lemma gagliardo_density_translate:
  assumes [measurable]: "\<Omega> \<in> sets borel" "u \<in> borel_measurable borel"
  shows "gagliardo_density \<alpha> \<Omega> u x
           = (\<integral>\<^sup>+ h. indicator \<Omega> (x + h) * ennreal ((norm (u x - u (x + h)))\<^sup>2 / norm h powr (2 + 2 * \<alpha>)) \<partial>lborel)"
proof -
  have "(\<integral>\<^sup>+ h. indicator \<Omega> (x + h) * ennreal ((norm (u x - u (x + h)))\<^sup>2 / norm (x - (x + h)) powr (2 + 2 * \<alpha>)) \<partial>lborel)
      = gagliardo_density \<alpha> \<Omega> u x"
    unfolding gagliardo_density_def
    using nn_integral_distr[of "(+) x" lborel borel
        "\<lambda>y. indicator \<Omega> y * ennreal ((norm (u x - u y))\<^sup>2 / norm (x - y) powr (2 + 2 * \<alpha>))"]
    by (simp add: lborel_distr_plus)
  then show ?thesis by simp
qed

lemma norm_u_star [simp]: "p \<noteq> 0 \<Longrightarrow> norm (u_star p) = 1"
  by (simp add: u_star_def)

lemma u_star_measurable [measurable]: "u_star \<in> borel_measurable borel"
  unfolding u_star_def by measurable

lemma norm_u_star_diff_sq_le: "(norm (u_star x - u_star y))\<^sup>2 \<le> 4"
proof -
  have "norm (u_star p) \<le> 1" for p
    by (cases "p = 0") (simp_all add: u_star_def)
  then have "norm (u_star x - u_star y) \<le> 2"
    by (smt (verit) norm_triangle_ineq4)
  then show ?thesis
    using power_mono[of "norm (u_star x - u_star y)" 2 2] by simp
qed

text \<open>An exact form of the expansion \<open>|u\<^sub>\<star>(x) - u\<^sub>\<star>(x + h)|\<^sup>2 \<approx> ((norm h)\<^sup>2 - (h \<bullet> u\<^sub>\<star> x)\<^sup>2) / |x|\<^sup>2\<close>:
  the second factor on the left is \<open>2 |x|\<^sup>2 + O(|x| |h|)\<close>.\<close>

lemma norm_u_star_diff_sq_identity:
  fixes x h :: "real^2"
  assumes x: "x \<noteq> 0" and xh: "x + h \<noteq> 0"
  shows "(norm (u_star x - u_star (x + h)))\<^sup>2 * (norm (x + h) * (norm (x + h) + norm x + h \<bullet> u_star x))
         = 2 * ((norm h)\<^sup>2 - (h \<bullet> u_star x)\<^sup>2)"
proof -
  define y where "y = x + h"
  define X Y p where "X = norm x" and "Y = norm y" and "p = x \<bullet> y"
  have "X > 0" "Y > 0" using x xh by (simp_all add: X_def Y_def y_def)
  have xx: "x \<bullet> x = X\<^sup>2" and yy: "y \<bullet> y = Y\<^sup>2"
    by (simp_all add: X_def Y_def power2_norm_eq_inner)
  have h: "h = y - x" by (simp add: y_def)
  have "(norm (u_star x - u_star y))\<^sup>2 = (x \<bullet> x) / X\<^sup>2 - 2 * p / (X * Y) + (y \<bullet> y) / Y\<^sup>2"
    unfolding power2_norm_eq_inner u_star_def X_def[symmetric] Y_def[symmetric] p_def
    by (simp add: inner_diff_left inner_diff_right inner_commute power2_eq_square algebra_simps)
  then have diff: "(norm (u_star x - u_star y))\<^sup>2 = 2 - 2 * p / (X * Y)"
    using \<open>X > 0\<close> \<open>Y > 0\<close> xx yy by simp
  have tang: "h \<bullet> u_star x = (p - X\<^sup>2) / X"
    using xx by (simp add: h u_star_def X_def[symmetric] p_def inner_diff_left inner_diff_right inner_commute)
  have hh: "(norm h)\<^sup>2 = Y\<^sup>2 - 2 * p + X\<^sup>2"
    using xx yy by (simp add: h power2_norm_eq_inner inner_diff_left inner_diff_right p_def inner_commute)
  show ?thesis
    unfolding y_def[symmetric] X_def[symmetric] Y_def[symmetric] diff tang hh
    using \<open>X > 0\<close> \<open>Y > 0\<close> by (simp add: field_simps) algebra
qed

lemma norm_u_star_diff_sq_bounds:
  fixes x h :: "real^2"
  assumes x: "x \<noteq> 0" and \<epsilon>: "0 < \<epsilon>" "\<epsilon> < 1" and h: "norm h \<le> \<epsilon> * norm x"
  shows "(norm h)\<^sup>2 - (h \<bullet> u_star x)\<^sup>2 \<le> (norm (u_star x - u_star (x + h)))\<^sup>2 * ((1 + \<epsilon>)\<^sup>2 * (norm x)\<^sup>2)"
    and "(norm (u_star x - u_star (x + h)))\<^sup>2 * ((1 - \<epsilon>)\<^sup>2 * (norm x)\<^sup>2) \<le> (norm h)\<^sup>2 - (h \<bullet> u_star x)\<^sup>2"
proof -
  define X Y a N where "X = norm x" and "Y = norm (x + h)" and "a = h \<bullet> u_star x"
    and "N = (norm (u_star x - u_star (x + h)))\<^sup>2"
  have "X > 0" using x by (simp add: X_def)
  have Y_lo: "(1 - \<epsilon>) * X \<le> Y" and Y_hi: "Y \<le> (1 + \<epsilon>) * X"
    using norm_triangle_ineq[of "x + h" "- h"] norm_triangle_ineq[of x h] h
    by (simp_all add: X_def Y_def algebra_simps)
  have "\<bar>a\<bar> \<le> \<epsilon> * X"
    using Cauchy_Schwarz_ineq2[of h "u_star x"] x h by (simp add: a_def X_def)
  then have S_lo: "2 * (1 - \<epsilon>) * X \<le> Y + X + a" and S_hi: "Y + X + a \<le> 2 * (1 + \<epsilon>) * X"
    using Y_lo Y_hi by (simp_all add: algebra_simps abs_le_iff)
  have "(1 - \<epsilon>) * X > 0" using \<open>X > 0\<close> \<epsilon> by simp
  then have "x + h \<noteq> 0" using Y_lo by (auto simp: Y_def)
  have D_lo: "2 * ((1 - \<epsilon>)\<^sup>2 * X\<^sup>2) \<le> Y * (Y + X + a)"
    using mult_mono[OF Y_lo S_lo] \<open>(1 - \<epsilon>) * X > 0\<close> by (simp add: Y_def, simp add: power2_eq_square algebra_simps)
  have D_hi: "Y * (Y + X + a) \<le> 2 * ((1 + \<epsilon>)\<^sup>2 * X\<^sup>2)"
  proof -
    have "0 \<le> Y + X + a" using S_lo \<open>(1 - \<epsilon>) * X > 0\<close> by linarith
    then show ?thesis
      using mult_mono[OF Y_hi S_hi] \<open>X > 0\<close> \<epsilon> by (simp add: power2_eq_square algebra_simps)
  qed
  have "N \<ge> 0" by (simp add: N_def)
  have identity: "N * (Y * (Y + X + a)) = 2 * ((norm h)\<^sup>2 - a\<^sup>2)"
    unfolding N_def X_def Y_def a_def by (rule norm_u_star_diff_sq_identity[OF x \<open>x + h \<noteq> 0\<close>])
  show "(norm h)\<^sup>2 - (h \<bullet> u_star x)\<^sup>2 \<le> (norm (u_star x - u_star (x + h)))\<^sup>2 * ((1 + \<epsilon>)\<^sup>2 * (norm x)\<^sup>2)"
    using mult_left_mono[OF D_hi \<open>N \<ge> 0\<close>] identity by (simp add: N_def X_def a_def)
  show "(norm (u_star x - u_star (x + h)))\<^sup>2 * ((1 - \<epsilon>)\<^sup>2 * (norm x)\<^sup>2) \<le> (norm h)\<^sup>2 - (h \<bullet> u_star x)\<^sup>2"
    using mult_left_mono[OF D_lo \<open>N \<ge> 0\<close>] identity by (simp add: N_def X_def a_def)
qed

lemma u_star_kernel_upper:
  fixes x h :: "real^2"
  assumes x: "x \<noteq> 0" and \<epsilon>: "0 < \<epsilon>" "\<epsilon> < 1"
  shows "ennreal ((norm (u_star x - u_star (x + h)))\<^sup>2 / norm h powr (3 + s))
     \<le> ennreal (1 / ((1 - \<epsilon>)\<^sup>2 * (norm x)\<^sup>2)) *
          (indicator (ball 0 (\<epsilon> * norm x)) h * ennreal (((norm h)\<^sup>2 - (h \<bullet> u_star x)\<^sup>2) * norm h powr (- 3 - s)))
        + 4 * (indicator (- ball 0 (\<epsilon> * norm x)) h * ennreal (norm h powr (- 3 - s)))"
proof -
  define N P where "N = (norm (u_star x - u_star (x + h)))\<^sup>2" and "P = norm h powr (- 3 - s)"
  have "P \<ge> 0" by (simp add: P_def)
  have kernel: "(norm (u_star x - u_star (x + h)))\<^sup>2 / norm h powr (3 + s) = N * P"
    using powr_minus_divide[of "norm h" "3 + s"] by (simp add: N_def P_def)
  show ?thesis
  proof (cases "norm h < \<epsilon> * norm x")
    case True
    have "N * ((1 - \<epsilon>)\<^sup>2 * (norm x)\<^sup>2) \<le> (norm h)\<^sup>2 - (h \<bullet> u_star x)\<^sup>2"
      using norm_u_star_diff_sq_bounds(2)[OF x \<epsilon>, of h] True by (simp add: N_def)
    then have "N \<le> 1 / ((1 - \<epsilon>)\<^sup>2 * (norm x)\<^sup>2) * ((norm h)\<^sup>2 - (h \<bullet> u_star x)\<^sup>2)"
      using x \<epsilon> by (simp add: field_simps)
    then have "N * P \<le> 1 / ((1 - \<epsilon>)\<^sup>2 * (norm x)\<^sup>2) * (((norm h)\<^sup>2 - (h \<bullet> u_star x)\<^sup>2) * P)"
      using \<open>P \<ge> 0\<close> by (metis mult.assoc mult_right_mono)
    then have "ennreal (N * P) \<le> ennreal (1 / ((1 - \<epsilon>)\<^sup>2 * (norm x)\<^sup>2)) * ennreal (((norm h)\<^sup>2 - (h \<bullet> u_star x)\<^sup>2) * P)"
      by (simp add: ennreal_leI flip: ennreal_mult')
    then show ?thesis
      using True by (simp add: kernel P_def[symmetric] add_increasing2)
  next
    case False
    have "N \<le> 4" unfolding N_def by (rule norm_u_star_diff_sq_le)
    then have "ennreal (N * P) \<le> ennreal (4 * P)"
      using \<open>P \<ge> 0\<close> by (intro ennreal_leI mult_right_mono)
    also have "\<dots> = 4 * ennreal P"
      by (simp add: ennreal_mult')
    finally show ?thesis
      using False by (simp add: kernel P_def[symmetric] add_increasing)
  qed
qed

lemma u_star_kernel_lower:
  fixes x h :: "real^2"
  assumes x: "x \<noteq> 0" and \<epsilon>: "0 < \<epsilon>" "\<epsilon> < 1"
  shows "ennreal (1 / ((1 + \<epsilon>)\<^sup>2 * (norm x)\<^sup>2)) *
          (indicator (ball 0 (\<epsilon> * norm x)) h * ennreal (((norm h)\<^sup>2 - (h \<bullet> u_star x)\<^sup>2) * norm h powr (- 3 - s)))
     \<le> ennreal ((norm (u_star x - u_star (x + h)))\<^sup>2 / norm h powr (3 + s))"
proof (cases "norm h < \<epsilon> * norm x")
  case True
  define N P where "N = (norm (u_star x - u_star (x + h)))\<^sup>2" and "P = norm h powr (- 3 - s)"
  have "P \<ge> 0" by (simp add: P_def)
  have kernel: "(norm (u_star x - u_star (x + h)))\<^sup>2 / norm h powr (3 + s) = N * P"
    using powr_minus_divide[of "norm h" "3 + s"] by (simp add: N_def P_def)
  have "(norm h)\<^sup>2 - (h \<bullet> u_star x)\<^sup>2 \<le> N * ((1 + \<epsilon>)\<^sup>2 * (norm x)\<^sup>2)"
    using norm_u_star_diff_sq_bounds(1)[OF x \<epsilon>, of h] True by (simp add: N_def)
  then have "1 / ((1 + \<epsilon>)\<^sup>2 * (norm x)\<^sup>2) * ((norm h)\<^sup>2 - (h \<bullet> u_star x)\<^sup>2) \<le> N"
    using x \<epsilon> by (simp add: field_simps)
  then have "1 / ((1 + \<epsilon>)\<^sup>2 * (norm x)\<^sup>2) * (((norm h)\<^sup>2 - (h \<bullet> u_star x)\<^sup>2) * P) \<le> N * P"
    using \<open>P \<ge> 0\<close> by (metis mult.assoc mult_right_mono)
  then have "ennreal (1 / ((1 + \<epsilon>)\<^sup>2 * (norm x)\<^sup>2)) * ennreal (((norm h)\<^sup>2 - (h \<bullet> u_star x)\<^sup>2) * P) \<le> ennreal (N * P)"
    by (simp add: ennreal_leI flip: ennreal_mult')
  then show ?thesis
    using True by (simp add: kernel P_def[symmetric])
qed simp

lemma powr_scaled_div_sq:
  fixes \<epsilon> r :: real
  assumes "\<epsilon> > 0" "r > 0"
  shows "(\<epsilon> * r) powr (1 - s) / r\<^sup>2 = \<epsilon> powr (1 - s) * r powr (- 1 - s)"
  using assms powr_add[of r "- 1 - s" 2] by (simp add: powr_mult powr_numeral)

lemma gagliardo_density_u_star_upper:
  fixes x :: "real^2"
  assumes s: "- 1 < s" "s < 1" and \<epsilon>: "0 < \<epsilon>" "\<epsilon> < 1" and x: "x \<noteq> 0"
  shows "gagliardo_density ((1 + s) / 2) (ball 0 1) u_star x
     \<le> ennreal ((pi * \<epsilon> powr (1 - s) / ((1 - \<epsilon>)\<^sup>2 * (1 - s)) + 8 * pi * \<epsilon> powr (- 1 - s) / (1 + s))
                 * norm x powr (- 1 - s))"
proof -
  define r c where "r = \<epsilon> * norm x" and "c = 1 / ((1 - \<epsilon>)\<^sup>2 * (norm x)\<^sup>2)"
  have "r > 0" "c \<ge> 0" using \<epsilon> x by (simp_all add: r_def c_def)
  have "gagliardo_density ((1 + s) / 2) (ball 0 1) u_star x
      = (\<integral>\<^sup>+ h. indicator (ball 0 1) (x + h) * ennreal ((norm (u_star x - u_star (x + h)))\<^sup>2 / norm h powr (3 + s)) \<partial>lborel)"
    unfolding gagliardo_density_translate[OF borel_open[OF open_ball] u_star_measurable]
    by (simp add: add_divide_distrib)
  also have "\<dots> \<le> (\<integral>\<^sup>+ h. ennreal c * (indicator (ball 0 r) h * ennreal (((norm h)\<^sup>2 - (h \<bullet> u_star x)\<^sup>2) * norm h powr (- 3 - s)))
                    + 4 * (indicator (- ball 0 r) h * ennreal (norm h powr (- 3 - s))) \<partial>lborel)"
    unfolding r_def c_def
    by (intro nn_integral_mono order_trans[OF _ u_star_kernel_upper[OF x \<epsilon>]])
      (simp add: indicator_def)
  also have "\<dots> = ennreal c * (\<integral>\<^sup>+ h. indicator (ball 0 r) h * ennreal (((norm h)\<^sup>2 - (h \<bullet> u_star x)\<^sup>2) * norm h powr (- 3 - s)) \<partial>lborel)
                 + 4 * (\<integral>\<^sup>+ h. indicator (- ball (0::real^2) r) h * ennreal (norm h powr (- 3 - s)) \<partial>lborel)"
    by (subst nn_integral_add, measurable, subst (1 2) nn_integral_cmult, measurable)
  also have "\<dots> = ennreal c * ennreal (pi * r powr (1 - s) / (1 - s)) + 4 * ennreal (2 * pi * r powr (- 1 - s) / (1 + s))"
    using nn_integral_ball_tangential_powr[of "- 1 - s" r "u_star x"]
      nn_integral_outside_ball_norm_powr[where 'a="real^2" and a="- 3 - s" and c=r]
      s x \<open>r > 0\<close> by (simp add: unit_ball_vol_2)
  also have "\<dots> = ennreal (c * (pi * r powr (1 - s) / (1 - s))) + ennreal (4 * (2 * pi * r powr (- 1 - s) / (1 + s)))"
    using \<open>c \<ge> 0\<close> by (simp only: ennreal_mult' ennreal_numeral zero_le_numeral)
  also have "\<dots> = ennreal (c * (pi * r powr (1 - s) / (1 - s)) + 4 * (2 * pi * r powr (- 1 - s) / (1 + s)))"
    using s by (intro ennreal_plus[symmetric]) (simp_all add: c_def)
  also have "c * (pi * r powr (1 - s) / (1 - s)) + 4 * (2 * pi * r powr (- 1 - s) / (1 + s))
      = (pi * \<epsilon> powr (1 - s) / ((1 - \<epsilon>)\<^sup>2 * (1 - s)) + 8 * pi * \<epsilon> powr (- 1 - s) / (1 + s)) * norm x powr (- 1 - s)"
    using powr_scaled_div_sq[OF \<epsilon>(1), of "norm x" s] x \<epsilon>
    by (simp add: r_def c_def powr_mult field_simps)
  finally show ?thesis .
qed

++++++++++

### YOUR TASK
Go through the listing above and list every line that has the word "assumes".

### ANSWER TO THIS TASK
  assumes [measurable]: "\<Omega> \<in> sets borel" "u \<in> borel_measurable borel"
  assumes x: "x \<noteq> 0" and xh: "x + h \<noteq> 0"
  assumes x: "x \<noteq> 0" and \<epsilon>: "0 < \<epsilon>" "\<epsilon> < 1" and h: "norm h \<le> \<epsilon> * norm x"
  assumes x: "x \<noteq> 0" and \<epsilon>: "0 < \<epsilon>" "\<epsilon> < 1"
  assumes x: "x \<noteq> 0" and \<epsilon>: "0 < \<epsilon>" "\<epsilon> < 1"
  assumes "\<epsilon> > 0" "r > 0"
  assumes s: "- 1 < s" "s < 1" and \<epsilon>: "0 < \<epsilon>" "\<epsilon> < 1" and x: "x \<noteq> 0"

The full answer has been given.